Fendry Ekel (born 1971, Jakarta) is a painter based in Berlin and Yogyakarta. Ekel's works have been displayed Internationally: the Netherlands, France, Belgium, Spain, Mexico, Italy, Turkey, Czech Republic, Singapore, South Africa, the United Kingdom, Germany, Australia and the United States.

'

== Biography==
Fendry Ekel migrated in the 80's with his family from Indonesia to Europe. He studied in Amsterdam (1992 - 1997) at Gerrit Rietveld Academie and (1998 - 1999) at Rijksakademie van Beeldende Kunsten where he met painters Narcisse Tordoir, Luc Tuymans and Michelangelo Pistoletto as mentors. In 1999 Fendry Ekel was an Artist in Residence at Cittadellarte, Fondazione Pistoletto in Biella, Italy.

Fendry Ekel's migration as teenager from Indonesia to Europe was a radical move that has given rise to a continuing fascination for investigating his surroundings.
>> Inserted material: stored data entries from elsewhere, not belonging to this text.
text \<open>Concrete model: R^n is real^('n::{finite,linorder}); the exterior power wedge^j R^n is the subspace
 of real^(('n::{finite,linorder}) set) of vectors supported on j-element index sets I (basis e_I,
 I = {i_1 < ... < i_j}).\<close>

definition ext_space :: "nat \<Rightarrow> (real ^ (('n::{finite,linorder}) set)) set" where
  "ext_space j = {w. \<forall>I. card I \<noteq> j \<longrightarrow> w $ I = 0}"

definition wedge :: "(real ^ (('n::{finite,linorder}))) list \<Rightarrow> real ^ (('n::{finite,linorder}) set)" where
  "wedge xs = (\<chi> I. if card I = length xs then
      (\<Sum>p\<in>{p. p permutes {..<length xs}}. sign p *
         (\<Prod>k<length xs. (xs ! k) $ (sorted_list_of_set I ! p k)))
     else 0)"

definition ext_pow :: "nat \<Rightarrow> real ^ (('n::{finite,linorder})) ^ (('n::{finite,linorder})) \<Rightarrow> real ^ ((('n::{finite,linorder})) set) \<Rightarrow> real ^ ((('n::{finite,linorder})) set)" where
  "ext_pow j A w = (\<Sum>I\<in>{I. card I = j}.
       w $ I *\<^sub>R wedge (map (\<lambda>i. A *v axis i 1) (sorted_list_of_set I)))"

definition proper_cone :: "nat \<Rightarrow> (real ^ (('n::{finite,linorder}) set)) set \<Rightarrow> bool" where
  "proper_cone j K \<longleftrightarrow> K \<subseteq> ext_space j \<and> closed K \<and> convex K \<and> cone K \<and>
     K \<inter> uminus ` K \<subseteq> {0} \<and>
     (\<exists>x\<in>K. \<exists>e>0. ball x e \<inter> ext_space j \<subseteq> K)"

definition K_nonneg :: "(real ^ (('n::{finite,linorder}) set)) set \<Rightarrow> (real ^ (('n::{finite,linorder}) set) \<Rightarrow> real ^ (('n::{finite,linorder}) set)) \<Rightarrow> bool" where
  "K_nonneg K B \<longleftrightarrow> B ` K \<subseteq> K"

definition TP_structure :: "(nat \<Rightarrow> (real ^ (('n::{finite,linorder}) set)) set) \<Rightarrow> bool" where
  "TP_structure K \<longleftrightarrow> (\<forall>j\<in>{1..CARD(('n::{finite,linorder}))}. proper_cone j (K j))"

definition GSR :: "(nat \<Rightarrow> (real ^ (('n::{finite,linorder}) set)) set) \<Rightarrow> real ^ ('n::{finite,linorder}) ^ ('n::{finite,linorder}) \<Rightarrow> bool" where
  "GSR K A \<longleftrightarrow> (\<exists>\<epsilon>::nat \<Rightarrow> real. \<forall>j\<in>{1..CARD(('n::{finite,linorder}))}.
      \<epsilon> j \<in> {-1, 1} \<and> K_nonneg (K j) (\<lambda>w. \<epsilon> j *\<^sub>R ext_pow j A w))"

text \<open>T-hat(K_j), as a subset of R^n (K_1 is identified with a subset of R^n via x |-> wedge [x]).\<close>
definition That :: "(nat \<Rightarrow> (real ^ (('n::{finite,linorder}) set)) set) \<Rightarrow> nat \<Rightarrow> (real ^ ('n::{finite,linorder})) set" where
  "That K j = (if j = 1 then {x. wedge [x] \<in> K 1 \<union> uminus ` K 1}
     else {x. \<exists>xs. length xs = j - 1 \<and> wedge (x # xs) \<in> (K j \<union> uminus ` K j) - {0}} \<union> {0})"

text \<open>Tseq K j = T-hat(K_1,...,K_j); x_{i+2} = xs!i must lie in T-hat(K_1,...,K_{i+1}) minus 0.\<close>
function Tseq :: "(nat \<Rightarrow> (real ^ (('n::{finite,linorder}) set)) set) \<Rightarrow> nat \<Rightarrow> (real ^ ('n::{finite,linorder})) set" where
  "Tseq K 0 = {}"
| "Tseq K (Suc 0) = That K 1"
| "Tseq K (Suc (Suc m)) = closure {x. \<exists>xs. length xs = Suc m \<and>
      (\<forall>i<Suc m. xs ! i \<in> Tseq K (Suc i) - {0}) \<and>
      wedge (x # xs) \<in> (K (Suc (Suc m)) \<union> uminus ` K (Suc (Suc m))) - {0}}"
  by pat_completeness auto
termination
  by (relation "Wellfounded.measure (\<lambda>(K, j). j)") auto

end

theory Submission
  imports Defs
begin

text \<open>The exterior power acts on decomposable vectors by
  \<open>\<wedge>\<^sup>jA (x\<^sub>1 \<wedge> \<dots> \<wedge> x\<^sub>j) = Ax\<^sub>1 \<wedge> \<dots> \<wedge> Ax\<^sub>j\<close>; in coordinates this is the Cauchy--Binet
  formula, obtained by expanding each \<open>Ax\<^sub>k\<close>, discarding the non-injective column choices
  (alternating minors) and sorting the injective ones.  Since \<open>A\<close> is nonsingular,
  \<open>Ax\<^sub>1 \<wedge> \<dots> \<wedge> Ax\<^sub>j\<close> vanishes only if \<open>x\<^sub>1 \<wedge> \<dots> \<wedge> x\<^sub>j\<close> does, and sign regularity makes
  \<open>\<wedge>\<^sup>jA\<close> map \<open>K\<^sub>j \<union> -K\<^sub>j\<close> into itself.  Hence applying \<open>A\<close> to a witness list for
  \<open>x \<in> T(K\<^sub>j)\<close> gives a witness list for \<open>Ax\<close>.  For \<open>T(K\<^sub>1,\<dots>,K\<^sub>j)\<close> the side conditions
  on \<open>x\<^sub>2, x\<^sub>3, \<dots>\<close> are handled by induction on \<open>j\<close>, and continuity of \<open>A\<close> carries the
  invariance of a set over to its closure.\<close>

definition minor :: "real^'n^'m \<Rightarrow> 'm list \<Rightarrow> nat \<Rightarrow> (nat \<Rightarrow> 'n) \<Rightarrow> real" where
  "minor A rs j cs = (\<Sum>p | p permutes {..<j}. sign p * (\<Prod>k<j. A $ (rs ! p k) $ cs k))"

lemma minor_cong: "(\<And>k. k < j \<Longrightarrow> cs k = cs' k) \<Longrightarrow> minor A rs j cs = minor A rs j cs'"
  unfolding minor_def by (intro sum.cong prod.cong refl) auto

lemma minor_compose_permutation:
  assumes s: "s permutes {..<j}"
  shows "minor A rs j (cs \<circ> s) = sign s * minor A rs j cs"
proof -
  have "minor A rs j (cs \<circ> s) =
      (\<Sum>p | p permutes {..<j}. sign (p \<circ> s) * (\<Prod>k<j. A $ (rs ! p (s k)) $ cs (s k)))"
    unfolding minor_def by (subst sum_permutations_compose_right[OF s]) simp
  also have "\<dots> = (\<Sum>p | p permutes {..<j}. sign s * (sign p * (\<Prod>k<j. A $ (rs ! p k) $ cs k)))"
  proof (intro sum.cong refl)
    fix p assume "p \<in> {p. p permutes {..<j}}"
    then have "sign (p \<circ> s) = sign p * sign s"
      using s by (intro sign_compose) (auto simp: permutation_permutes)
    moreover have "(\<Prod>k<j. A $ (rs ! p (s k)) $ cs (s k)) = (\<Prod>k<j. A $ (rs ! p k) $ cs k)"
      using prod.reindex_bij_betw[OF permutes_imp_bij[OF s], of "\<lambda>k. A $ (rs ! p k) $ cs k"] by simp
    ultimately show "sign (p \<circ> s) * (\<Prod>k<j. A $ (rs ! p (s k)) $ cs (s k)) =
        sign s * (sign p * (\<Prod>k<j. A $ (rs ! p k) $ cs k))"
      by simp
  qed
  also have "\<dots> = sign s * minor A rs j cs"
    unfolding minor_def by (simp add: sum_distrib_left)
  finally show ?thesis .
qed

lemma minor_eq_0_if_not_inj_on:
  assumes "\<not> inj_on cs {..<j}"
  shows "minor A rs j cs = 0"
proof -
  obtain a b where ab: "a < j" "b < j" "a \<noteq> b" "cs a = cs b"
    using assms unfolding inj_on_def by auto
  have "Transposition.transpose a b permutes {..<j}"
    using ab by (intro permutes_swap_id) auto
  moreover have "cs \<circ> Transposition.transpose a b = cs"
    using ab by (auto simp: Transposition.transpose_def)
  ultimately have "minor A rs j cs = - minor A rs j cs"
    using minor_compose_permutation[of "Transposition.transpose a b" j A rs cs] ab
    by (simp add: sign_swap_id)
  then show ?thesis by simp
qed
Architecture and the urban landscape is a perfect setting where abstraction and figuration meet each other in reality. It is in this setting that Ekel preferably locates the subjects of his paintings. Fendry Ekel's paintings explore the shadow side of human ambition. In his art practice Ekel is intrigued by the power of cliche, producing images intended to create an unguarded moment in seeing when cliches are twisted into an unexpected new awareness and a kind of simultaneous Déjà vu. His large-scale, layered works are often based on black and white photographs depicting portraits, architecture, monuments or other remnants of historic events. By appropriating these images from our collective memory, Ekel critically investigates the use of art, architecture and figuration as propaganda for ideology, confronting himself during the creative process with borderlines where ethical and aesthetic values intersect.

In 2013 Fendry Ekel initiated a series of works entitled 'Investigation' paintings. In this series Ekel unveils layers of forgotten and untold stories, exploring the most elementary motives behind the human desire to create myths of their own time.
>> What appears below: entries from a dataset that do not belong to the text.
(* Let $S$ be an $a$-cap free and $b$-cup free configuration with a fixed slope labeling $s$, and let $\alpha_i(p)$ ($p \in S$, $1 \le i \le a-2$) be its $\alpha$-statistic. Then: (1) for every point $p$, $1 \leq \alpha_1(p) \leq \alpha_2(p) \leq \cdots \leq \alpha_{a-2}(p) \leq b-1$; consequently $\alpha = (\alpha_1,\dots,\alpha_{a-2})$ is a map from $S$ to $T_{a,b} = \{(x_1,\dots,x_{a-2}) \in \mathbb{N}^{a-2} : 1 \le x_1 \le \cdots \le x_{a-2} \le b-1\}$; (2) for any two points $x<y$ of $S$ such that $s(xy)=i$, we have $\alpha_i(x) < \alpha_i(y)$; in particular the map $\alpha$ is injective.
   Context: A configuration is a finite set $S$ of points with a linear order $<$ and, for every $3$-element subset, an arbitrary assignment declaring it either a cap or a cup. Points $x_1<\cdots<x_a$ form an $a$-cup (resp. $a$-cap) if every consecutive triple $\{x_{i-1},x_i,x_{i+1}\}$, $1<i<a$, is assigned cup (resp. cap); $1$- and $2$-element sets are both caps and cups. The length (size) of a cup is its number of points; a cup $x_1\cdots x_a$ with $a\ge2$ ends with the point $x_a$ and the edge $x_{a-1}x_a$. $S$ is $a$-cap free (resp. $b$-cup free) if it contains no $a$-cap (resp. $b$-cup). An edge is a pair $x<y$, written $xy$. A slope labeling of an $a$-cap free configuration $S$ is an assignment of an integer $s(xy)\in\{1,\dots,a-2\}$ to every edge such that for any $x<y<z$, $s(xy)\le s(yz)$ implies $\{x,y,z\}$ is a $3$-cup. The $\alpha$-statistic: for $p \in S$ and $1\le i\le a-2$, $\alpha_i(p)$ is the maximum length of a cup that ends with the point $p$ and with an edge of label $\le i$; if there is no such cup, $\alpha_i(p)=1$. *)

theory Defs
  imports Main
begin

text \<open>A configuration: a finite set S of points of a linearly ordered type, together with
  a predicate cup on triples; for x < y < z the triple {x,y,z} is a cup iff cup x y z,
  and a cap otherwise (an arbitrary assignment).\<close>

definition is_cup :: "'a::linorder set \<Rightarrow> ('a \<Rightarrow> 'a \<Rightarrow> 'a \<Rightarrow> bool) \<Rightarrow> 'a list \<Rightarrow> bool" where
  "is_cup S cup xs \<longleftrightarrow> sorted_wrt (<) xs \<and> set xs \<subseteq> S \<and>
     (\<forall>k. k + 2 < length xs \<longrightarrow> cup (xs ! k) (xs ! (k+1)) (xs ! (k+2)))"

definition is_cap :: "'a::linorder set \<Rightarrow> ('a \<Rightarrow> 'a \<Rightarrow> 'a \<Rightarrow> bool) \<Rightarrow> 'a list \<Rightarrow> bool" where
  "is_cap S cup xs \<longleftrightarrow> sorted_wrt (<) xs \<and> set xs \<subseteq> S \<and>
     (\<forall>k. k + 2 < length xs \<longrightarrow> \<not> cup (xs ! k) (xs ! (k+1)) (xs ! (k+2)))"

definition cap_free :: "'a::linorder set \<Rightarrow> ('a \<Rightarrow> 'a \<Rightarrow> 'a \<Rightarrow> bool) \<Rightarrow> nat \<Rightarrow> bool" where
  "cap_free S cup a \<longleftrightarrow> \<not> (\<exists>xs. is_cap S cup xs \<and> length xs = a)"

definition cup_free :: "'a::linorder set \<Rightarrow> ('a \<Rightarrow> 'a \<Rightarrow> 'a \<Rightarrow> bool) \<Rightarrow> nat \<Rightarrow> bool" where
  "cup_free S cup b \<longleftrightarrow> \<not> (\<exists>xs. is_cup S cup xs \<and> length xs = b)"

definition slope_labeling ::
  "'a::linorder set \<Rightarrow> ('a \<Rightarrow> 'a \<Rightarrow> 'a \<Rightarrow> bool) \<Rightarrow> nat \<Rightarrow> ('a \<Rightarrow> 'a \<Rightarrow> nat) \<Rightarrow> bool" where
  "slope_labeling S cup a s \<longleftrightarrow>
     (\<forall>x\<in>S. \<forall>y\<in>S. x < y \<longrightarrow> 1 \<le> s x y \<and> s x y \<le> a - 2) \<and>
     (\<forall>x\<in>S. \<forall>y\<in>S. \<forall>z\<in>S. x < y \<and> y < z \<and> s x y \<le> s y z \<longrightarrow> cup x y z)"

definition alpha ::
  "'a::linorder set \<Rightarrow> ('a \<Rightarrow> 'a \<Rightarrow> 'a \<Rightarrow> bool) \<Rightarrow> ('a \<Rightarrow> 'a \<Rightarrow> nat) \<Rightarrow> nat \<Rightarrow> 'a \<Rightarrow> nat" where
  "alpha S cup s i p = Max ({length xs | xs. is_cup S cup xs \<and> length xs \<ge> 2 \<and> last xs = p \<and>
        s (xs ! (length xs - 2)) p \<le> i} \<union> {1})"

definition T_set :: "nat \<Rightarrow> nat \<Rightarrow> nat list set" where
  "T_set a b = {xs. length xs = a - 2 \<and> sorted xs \<and> (\<forall>x\<in>set xs. 1 \<le> x \<and> x \<le> b - 1)}"

definition alpha_vec ::
  "'a::linorder set \<Rightarrow> ('a \<Rightarrow> 'a \<Rightarrow> 'a \<Rightarrow> bool) \<Rightarrow> ('a \<Rightarrow> 'a \<Rightarrow> nat) \<Rightarrow> nat \<Rightarrow> 'a \<Rightarrow> nat list" where
  "alpha_vec S cup s a p = map (\<lambda>i. alpha S cup s i p) [1..<a - 1]"

end

theory Submission
  imports Defs
begin

text \<open>The bounds on \<open>\<alpha>\<close> are bookkeeping: cups have fewer than \<open>b\<close> points, and allowing
  larger labels can only enlarge the set of admissible cups. The heart of the matter is
  strictness along an edge \<open>xy\<close> of label \<open>i\<close>: take a longest cup \<open>\<dots>wx\<close> counted by
  \<open>\<alpha>\<^sub>i(x)\<close>; since \<open>s(wx) \<le> i = s(xy)\<close>, the slope labeling makes \<open>wxy\<close> a cup, so appending
  \<open>y\<close> gives a longer cup counted by \<open>\<alpha>\<^sub>i(y)\<close>. Injectivity follows because two points
  \<open>x < y\<close> already differ in the coordinate \<open>s(xy)\<close>.\<close>

lemma is_cup_take: "is_cup S cup xs \<Longrightarrow> is_cup S cup (take n xs)"
  unfolding is_cup_def by (auto simp: sorted_wrt_take dest: in_set_takeD)

lemma is_cup_snoc:
  assumes "is_cup S cup (ys @ [w, x])" "x < y" "y \<in> S" "cup w x y"
  shows "is_cup S cup (ys @ [w, x, y])"
proof -
  have sorted: "sorted_wrt (<) (ys @ [w, x])" and in_S: "set (ys @ [w, x]) \<subseteq> S"
    and cups: "\<And>k. k + 2 < length ys + 2 \<Longrightarrow>
      cup ((ys @ [w, x]) ! k) ((ys @ [w, x]) ! (k + 1)) ((ys @ [w, x]) ! (k + 2))"
    using assms(1) unfolding is_cup_def by auto
  have "sorted_wrt (<) (ys @ [w, x, y])"
    using sorted assms(2) by (auto simp: sorted_wrt_append)
  moreover have "cup ((ys @ [w, x, y]) ! k) ((ys @ [w, x, y]) ! (k + 1)) ((ys @ [w, x, y]) ! (k + 2))"
    if "k + 2 < length ys + 3" for k
  proof (cases "k < length ys")
    case True
    have "(ys @ [w, x, y]) ! j = (ys @ [w, x]) ! j" if "j \<le> k + 2" for j
      using that True nth_append_left[of j "ys @ [w, x]" "[y]"] by simp
    then show ?thesis using cups[of k] True by simp
  next
    case False
    then have "k = length ys" using that by simp
    then show ?thesis using assms(4) by (simp add: nth_append)
  qed
  ultimately show ?thesis
    using in_S assms(3) unfolding is_cup_def by simp
qed

lemma cup_free_length_less:
  assumes "cup_free S cup b" "is_cup S cup xs"
  shows "length xs < b"
proof (rule ccontr)
  assume "\<not> length xs < b"
  then have "length (take b xs) = b" by simp
  with is_cup_take[OF assms(2)] assms(1) show False unfolding cup_free_def by blast
qed

lemma is_cup_length_le_card:
  assumes "finite S" "is_cup S cup xs"
  shows "length xs \<le> card S"
proof -
  have "length xs = card (set xs)"
    using assms(2) unfolding is_cup_def by (simp add: strict_sorted_iff distinct_card)
  also have "\<dots> \<le> card S"
    using assms unfolding is_cup_def by (simp add: card_mono)
  finally show ?thesis .
qed

lemma length_ge_2_snoc2:
  assumes "2 \<le> length xs"
  obtains ys w x where "xs = ys @ [w, x]"
proof -
  obtain zs x where "xs = zs @ [x]" using assms by (cases xs rule: rev_cases) auto
  moreover obtain ys w where "zs = ys @ [w]" using assms calculation by (cases zs rule: rev_cases) auto
  ultimately show ?thesis using that by simp
qed

text \<open>The set defining \<open>alpha\<close>, with each cup written as \<open>ys @ [w, p]\<close> so that its last
  edge \<open>wp\<close> is visible without index arithmetic.\<close>

definition cup_lengths_ending ::
  "'a::linorder set \<Rightarrow> ('a \<Rightarrow> 'a \<Rightarrow> 'a \<Rightarrow> bool) \<Rightarrow> ('a \<Rightarrow> 'a \<Rightarrow> nat) \<Rightarrow> nat \<Rightarrow> 'a \<Rightarrow> nat set" where
  "cup_lengths_ending S cup s i p =
     {length ys + 2 | ys w. is_cup S cup (ys @ [w, p]) \<and> s w p \<le> i}"

lemma alpha_eq_Max_cup_lengths_ending:
  "alpha S cup s i p = Max (cup_lengths_ending S cup s i p \<union> {1})"
proof -
  have "{length xs | xs. is_cup S cup xs \<and> 2 \<le> length xs \<and> last xs = p \<and>
          s (xs ! (length xs - 2)) p \<le> i} = cup_lengths_ending S cup s i p" (is "?L = ?R")
  proof
    show "?L \<subseteq> ?R"
    proof
      fix n assume "n \<in> ?L"
      then obtain xs where xs: "n = length xs" "is_cup S cup xs" "2 \<le> length xs" "last xs = p"
          "s (xs ! (length xs - 2)) p \<le> i"
        by blast
      obtain ys w x where "xs = ys @ [w, x]" using xs(3) by (rule length_ge_2_snoc2)
      with xs show "n \<in> ?R"
        unfolding cup_lengths_ending_def by (auto simp: nth_append)
    qed
    show "?R \<subseteq> ?L"
    proof
      fix n assume "n \<in> ?R"
      then obtain ys w where "n = length (ys @ [w, p])" "is_cup S cup (ys @ [w, p])" "s w p \<le> i"
        unfolding cup_lengths_ending_def by auto
      moreover have "(ys @ [w, p]) ! (length (ys @ [w, p]) - 2) = w"
        by (simp add: nth_append)
      ultimately show "n \<in> ?L" by fastforce
    qed
  qed
  then show ?thesis unfolding alpha_def by (rule arg_cong)
qed

lemma finite_cup_lengths_ending:
  assumes "finite S"
  shows "finite (cup_lengths_ending S cup s i p)"
proof (rule finite_subset)
  show "cup_lengths_ending S cup s i p \<subseteq> {..card S}"
    using is_cup_length_le_card[OF assms] unfolding cup_lengths_ending_def by fastforce
qed simp

lemma alpha_ge_1: "finite S \<Longrightarrow> 1 \<le> alpha S cup s i p"
  unfolding alpha_eq_Max_cup_lengths_ending
  by (simp add: finite_cup_lengths_ending)

lemma length_le_alpha:
  assumes "finite S" "is_cup S cup (ys @ [w, p])" "s w p \<le> i"
  shows "length ys + 2 \<le> alpha S cup s i p"
  unfolding alpha_eq_Max_cup_lengths_ending
  by (rule Max_ge) (use assms finite_cup_lengths_ending in \<open>auto simp: cup_lengths_ending_def\<close>)

lemma cup_lengths_ending_mono:
  "i \<le> j \<Longrightarrow> cup_lengths_ending S cup s i p \<subseteq> cup_lengths_ending S cup s j p"
  unfolding cup_lengths_ending_def by (blast intro: le_trans)

lemma alpha_mono:
  assumes "finite S" "i \<le> j"
  shows "alpha S cup s i p \<le> alpha S cup s j p"
  unfolding alpha_eq_Max_cup_lengths_ending
  by (rule Max_mono)
    (use finite_cup_lengths_ending[OF assms(1)] cup_lengths_ending_mono[OF assms(2), of S cup s p]
      in auto)

lemma alpha_cases:
  assumes "finite S"
  obtains "alpha S cup s i p = 1"
  | ys w where "is_cup S cup (ys @ [w, p])" "s w p \<le> i" "alpha S cup s i p = length ys + 2"
proof -
  have "alpha S cup s i p \<in> cup_lengths_ending S cup s i p \<union> {1}"
    unfolding alpha_eq_Max_cup_lengths_ending
    by (rule Max_in) (simp_all add: finite_cup_lengths_ending assms)
  then show ?thesis using that unfolding cup_lengths_ending_def by auto
qed

lemma alpha_le_pred:
  assumes "finite S" "cup_free S cup b" "p \<in> S"
  shows "alpha S cup s i p \<le> b - 1"
proof (cases rule: alpha_cases[OF assms(1), of cup s i p])
  case 1
  have "is_cup S cup [p]" using assms(3) unfolding is_cup_def by simp
  then have "1 < b" using cup_free_length_less[OF assms(2), of "[p]"] by simp
  with 1 show ?thesis by simp
next
  case (2 ys w)
  then show ?thesis using cup_free_length_less[OF assms(2) 2(1)] by simp
qed

lemma alpha_less_along_edge:
  assumes "finite S" "slope_labeling S cup a s" "x \<in> S" "y \<in> S" "x < y"
  shows "alpha S cup s (s x y) x < alpha S cup s (s x y) y"
proof (cases rule: alpha_cases[OF assms(1), of cup s "s x y" x])
  case 1
  have "is_cup S cup ([] @ [x, y])" using assms(3-5) unfolding is_cup_def by simp
  from length_le_alpha[OF assms(1) this, of s "s x y"] 1 show ?thesis by simp
next
  case (2 ys w)
  have "w \<in> S" "w < x"
    using 2(1) unfolding is_cup_def by (simp_all add: sorted_wrt_append)
  then have "cup w x y" using 2(2) assms(2-5) unfolding slope_labeling_def by blast
  with is_cup_snoc[OF 2(1) assms(5,4)] have "is_cup S cup ((ys @ [w]) @ [x, y])" by simp
  from length_le_alpha[OF assms(1) this, of s "s x y"] 2(3) show ?thesis by simp
qed

lemma alpha_vec_nth:
  assumes "1 \<le> i" "i \<le> a - 2"
  shows "alpha_vec S cup s a p ! (i - 1) = alpha S cup s i p"
proof -
  have "[1..<a - 1] ! (i - 1) = i" using assms by (subst nth_upt) auto
  then show ?thesis using assms unfolding alpha_vec_def by simp
qed

lemma alpha_vec_in_T_set:
  assumes "finite S" "cup_free S cup b" "p \<in> S"
  shows "alpha_vec S cup s a p \<in> T_set a b"
proof -
  have "sorted (alpha_vec S cup s a p)"
    unfolding alpha_vec_def sorted_map
    by (rule sorted_wrt_mono_rel[OF _ sorted_upt]) (simp add: alpha_mono[OF assms(1)])
  then show ?thesis
    unfolding T_set_def alpha_vec_def using alpha_ge_1[OF assms(1)] alpha_le_pred[OF assms] by auto
qed

lemma inj_on_alpha_vec:
  assumes "finite S" "slope_labeling S cup a s"
  shows "inj_on (alpha_vec S cup s a) S"
proof -
  have differ: "alpha_vec S cup s a x \<noteq> alpha_vec S cup s a y" if "x \<in> S" "y \<in> S" "x < y" for x y
  proof -
    have "1 \<le> s x y" "s x y \<le> a - 2" using assms(2) that unfolding slope_labeling_def by auto
    then have "alpha_vec S cup s a x ! (s x y - 1) < alpha_vec S cup s a y ! (s x y - 1)"
      using alpha_less_along_edge[OF assms that] alpha_vec_nth[of "s x y" a S cup s] by simp
    then show ?thesis by auto
  qed
  show ?thesis
  proof (rule inj_onI)
    fix x y assume "x \<in> S" "y \<in> S" "alpha_vec S cup s a x = alpha_vec S cup s a y"
    then show "x = y" by (cases x y rule: linorder_cases) (auto dest: differ)
  qed
qed

theorem theorem3p6:
  fixes S :: "'a::linorder set" and cup :: "'a \<Rightarrow> 'a \<Rightarrow> 'a \<Rightarrow> bool"
    and s :: "'a \<Rightarrow> 'a \<Rightarrow> nat" and a b :: nat
  assumes "finite S"
    and "cap_free S cup a" and "cup_free S cup b"
    and "slope_labeling S cup a s"
  shows "(\<forall>p\<in>S. (\<forall>i. 1 \<le> i \<and> i \<le> a - 2 \<longrightarrow> 1 \<le> alpha S cup s i p \<and> alpha S cup s i p \<le> b - 1)
              \<and> (\<forall>i j. 1 \<le> i \<and> i \<le> j \<and> j \<le> a - 2 \<longrightarrow> alpha S cup s i p \<le> alpha S cup s j p))
       \<and> alpha_vec S cup s a ` S \<subseteq> T_set a b
       \<and> (\<forall>x\<in>S. \<forall>y\<in>S. \<forall>i. x < y \<and> s x y = i \<longrightarrow> alpha S cup s i x < alpha S cup s i y)
       \<and> inj_on (alpha_vec S cup s a) S"
  using alpha_ge_1[OF assms(1)] alpha_le_pred[OF assms(1,3)] alpha_mono[OF assms(1)]
    alpha_vec_in_T_set[OF assms(1,3)] alpha_less_along_edge[OF assms(1,4)]
    inj_on_alpha_vec[OF assms(1,4)]
  by auto

end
Fendry Ekel returned to Indonesia with a perspective shaped by his experiences overseas and an interest in memory, history, and artistic representation. Having lived in the Netherlands since the age of 14, when his family emigrated from Indonesia, Ekel develops artworks and institutional projects that examine the relationship between identity, historical narratives, and systems of influence. While his studio practice is primarily centred on works on paper, his institutional practice as co-founder of the artist initiative Office for Contemporary Art (OFCA) International in Yogyakarta focuses on organizational structures and professional networks. By working as both an artist and organizer, Ekel examines the relationship between artistic production and the institutional contexts in which artworks are presented and interpreted.

One example is *Young Gropius As Soldier* (2007), which revisits the public image of Walter Gropius by introducing references to his military service and raising questions about the construction of historical narratives. Following its completion, the work was presented through exhibitions and publications associated with OFCA International. This process of circulation forms part of the work's conceptual framework, drawing attention to the role of exhibitions, publications, and institutional networks in shaping the interpretation and reception of artworks. Through this approach, Ekel addresses questions of identity, participation, and belonging within the contemporary art world.